• Information shown:
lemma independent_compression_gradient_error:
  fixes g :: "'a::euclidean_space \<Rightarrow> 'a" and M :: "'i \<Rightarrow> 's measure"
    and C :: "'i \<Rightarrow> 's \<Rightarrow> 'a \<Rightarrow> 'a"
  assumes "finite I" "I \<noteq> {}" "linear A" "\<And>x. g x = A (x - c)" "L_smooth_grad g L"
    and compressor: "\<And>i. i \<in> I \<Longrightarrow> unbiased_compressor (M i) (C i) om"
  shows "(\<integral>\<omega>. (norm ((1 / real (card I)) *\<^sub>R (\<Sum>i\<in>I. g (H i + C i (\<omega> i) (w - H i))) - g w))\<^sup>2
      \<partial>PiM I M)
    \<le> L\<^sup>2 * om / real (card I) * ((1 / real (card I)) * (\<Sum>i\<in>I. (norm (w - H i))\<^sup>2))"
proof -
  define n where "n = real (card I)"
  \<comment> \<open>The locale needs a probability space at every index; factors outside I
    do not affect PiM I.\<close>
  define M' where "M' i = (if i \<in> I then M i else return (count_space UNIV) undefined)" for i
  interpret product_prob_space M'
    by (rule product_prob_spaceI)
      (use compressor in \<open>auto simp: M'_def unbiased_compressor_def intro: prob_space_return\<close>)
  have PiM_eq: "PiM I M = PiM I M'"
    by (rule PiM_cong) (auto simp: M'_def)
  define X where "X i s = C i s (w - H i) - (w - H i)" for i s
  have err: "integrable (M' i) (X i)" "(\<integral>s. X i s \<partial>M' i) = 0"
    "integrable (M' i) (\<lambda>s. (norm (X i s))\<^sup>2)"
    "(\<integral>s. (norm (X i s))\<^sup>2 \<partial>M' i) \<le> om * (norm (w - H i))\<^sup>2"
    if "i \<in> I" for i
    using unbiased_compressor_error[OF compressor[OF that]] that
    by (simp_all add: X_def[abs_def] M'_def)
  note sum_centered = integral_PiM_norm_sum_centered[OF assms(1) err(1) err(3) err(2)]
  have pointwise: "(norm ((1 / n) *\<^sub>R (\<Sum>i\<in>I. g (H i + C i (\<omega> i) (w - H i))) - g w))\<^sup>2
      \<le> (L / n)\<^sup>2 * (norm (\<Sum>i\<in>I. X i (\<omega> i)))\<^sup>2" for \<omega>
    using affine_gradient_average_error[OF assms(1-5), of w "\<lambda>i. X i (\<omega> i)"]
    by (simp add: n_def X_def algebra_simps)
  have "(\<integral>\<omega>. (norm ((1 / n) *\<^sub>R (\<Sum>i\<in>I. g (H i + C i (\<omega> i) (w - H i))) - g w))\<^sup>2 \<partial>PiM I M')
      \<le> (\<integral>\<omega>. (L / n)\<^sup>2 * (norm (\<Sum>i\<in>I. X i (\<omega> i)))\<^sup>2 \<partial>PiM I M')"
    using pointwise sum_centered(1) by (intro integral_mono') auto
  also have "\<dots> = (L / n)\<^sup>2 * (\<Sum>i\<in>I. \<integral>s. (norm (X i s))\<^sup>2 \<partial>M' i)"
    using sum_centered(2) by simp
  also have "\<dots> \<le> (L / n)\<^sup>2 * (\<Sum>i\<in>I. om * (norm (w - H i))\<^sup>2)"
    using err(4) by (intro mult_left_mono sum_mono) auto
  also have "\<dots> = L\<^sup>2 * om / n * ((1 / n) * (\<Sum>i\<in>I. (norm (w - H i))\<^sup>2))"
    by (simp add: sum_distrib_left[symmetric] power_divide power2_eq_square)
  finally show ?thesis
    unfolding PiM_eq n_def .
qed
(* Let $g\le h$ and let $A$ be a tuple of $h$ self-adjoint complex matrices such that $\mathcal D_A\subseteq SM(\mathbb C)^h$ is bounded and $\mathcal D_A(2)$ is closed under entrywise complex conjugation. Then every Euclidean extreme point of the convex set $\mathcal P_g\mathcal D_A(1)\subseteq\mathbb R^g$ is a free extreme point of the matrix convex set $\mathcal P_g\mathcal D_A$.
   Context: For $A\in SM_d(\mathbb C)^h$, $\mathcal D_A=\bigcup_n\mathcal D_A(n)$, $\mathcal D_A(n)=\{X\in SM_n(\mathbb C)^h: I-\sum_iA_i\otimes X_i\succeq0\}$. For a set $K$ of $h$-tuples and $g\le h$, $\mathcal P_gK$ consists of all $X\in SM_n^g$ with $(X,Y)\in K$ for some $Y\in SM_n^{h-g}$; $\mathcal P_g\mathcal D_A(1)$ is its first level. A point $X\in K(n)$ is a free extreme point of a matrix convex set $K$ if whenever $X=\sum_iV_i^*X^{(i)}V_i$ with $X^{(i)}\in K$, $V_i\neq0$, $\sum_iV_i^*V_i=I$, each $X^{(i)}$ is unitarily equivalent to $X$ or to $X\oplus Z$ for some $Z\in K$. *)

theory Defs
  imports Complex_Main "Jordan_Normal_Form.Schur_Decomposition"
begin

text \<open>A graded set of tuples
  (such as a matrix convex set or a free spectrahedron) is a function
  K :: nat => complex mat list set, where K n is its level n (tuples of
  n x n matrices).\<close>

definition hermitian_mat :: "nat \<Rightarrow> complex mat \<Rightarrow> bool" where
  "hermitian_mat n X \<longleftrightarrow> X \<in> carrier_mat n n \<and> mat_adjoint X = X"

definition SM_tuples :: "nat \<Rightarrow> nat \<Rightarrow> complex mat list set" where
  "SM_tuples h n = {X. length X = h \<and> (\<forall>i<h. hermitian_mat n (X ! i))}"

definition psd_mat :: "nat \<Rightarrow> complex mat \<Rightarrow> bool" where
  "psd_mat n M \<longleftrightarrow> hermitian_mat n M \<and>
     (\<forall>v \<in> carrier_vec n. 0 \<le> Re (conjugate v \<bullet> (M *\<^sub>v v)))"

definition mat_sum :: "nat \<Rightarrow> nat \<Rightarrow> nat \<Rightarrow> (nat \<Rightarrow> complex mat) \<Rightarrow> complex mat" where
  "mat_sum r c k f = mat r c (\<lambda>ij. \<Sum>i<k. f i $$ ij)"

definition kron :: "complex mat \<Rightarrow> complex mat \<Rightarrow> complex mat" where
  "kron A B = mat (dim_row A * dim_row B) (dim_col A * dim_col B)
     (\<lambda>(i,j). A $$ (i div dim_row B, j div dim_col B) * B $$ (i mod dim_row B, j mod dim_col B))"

• Work task: Go through the listing above and copy each line in which the string "card" is found.

• Answer box:
  shows "(\<integral>\<omega>. (norm ((1 / real (card I)) *\<^sub>R (\<Sum>i\<in>I. g (H i + C i (\<omega> i) (w - H i))) - g w))\<^sup>2
    \<le> L\<^sup>2 * om / real (card I) * ((1 / real (card I)) * (\<Sum>i\<in>I. (norm (w - H i))\<^sup>2))"
  define n where "n = real (card I)"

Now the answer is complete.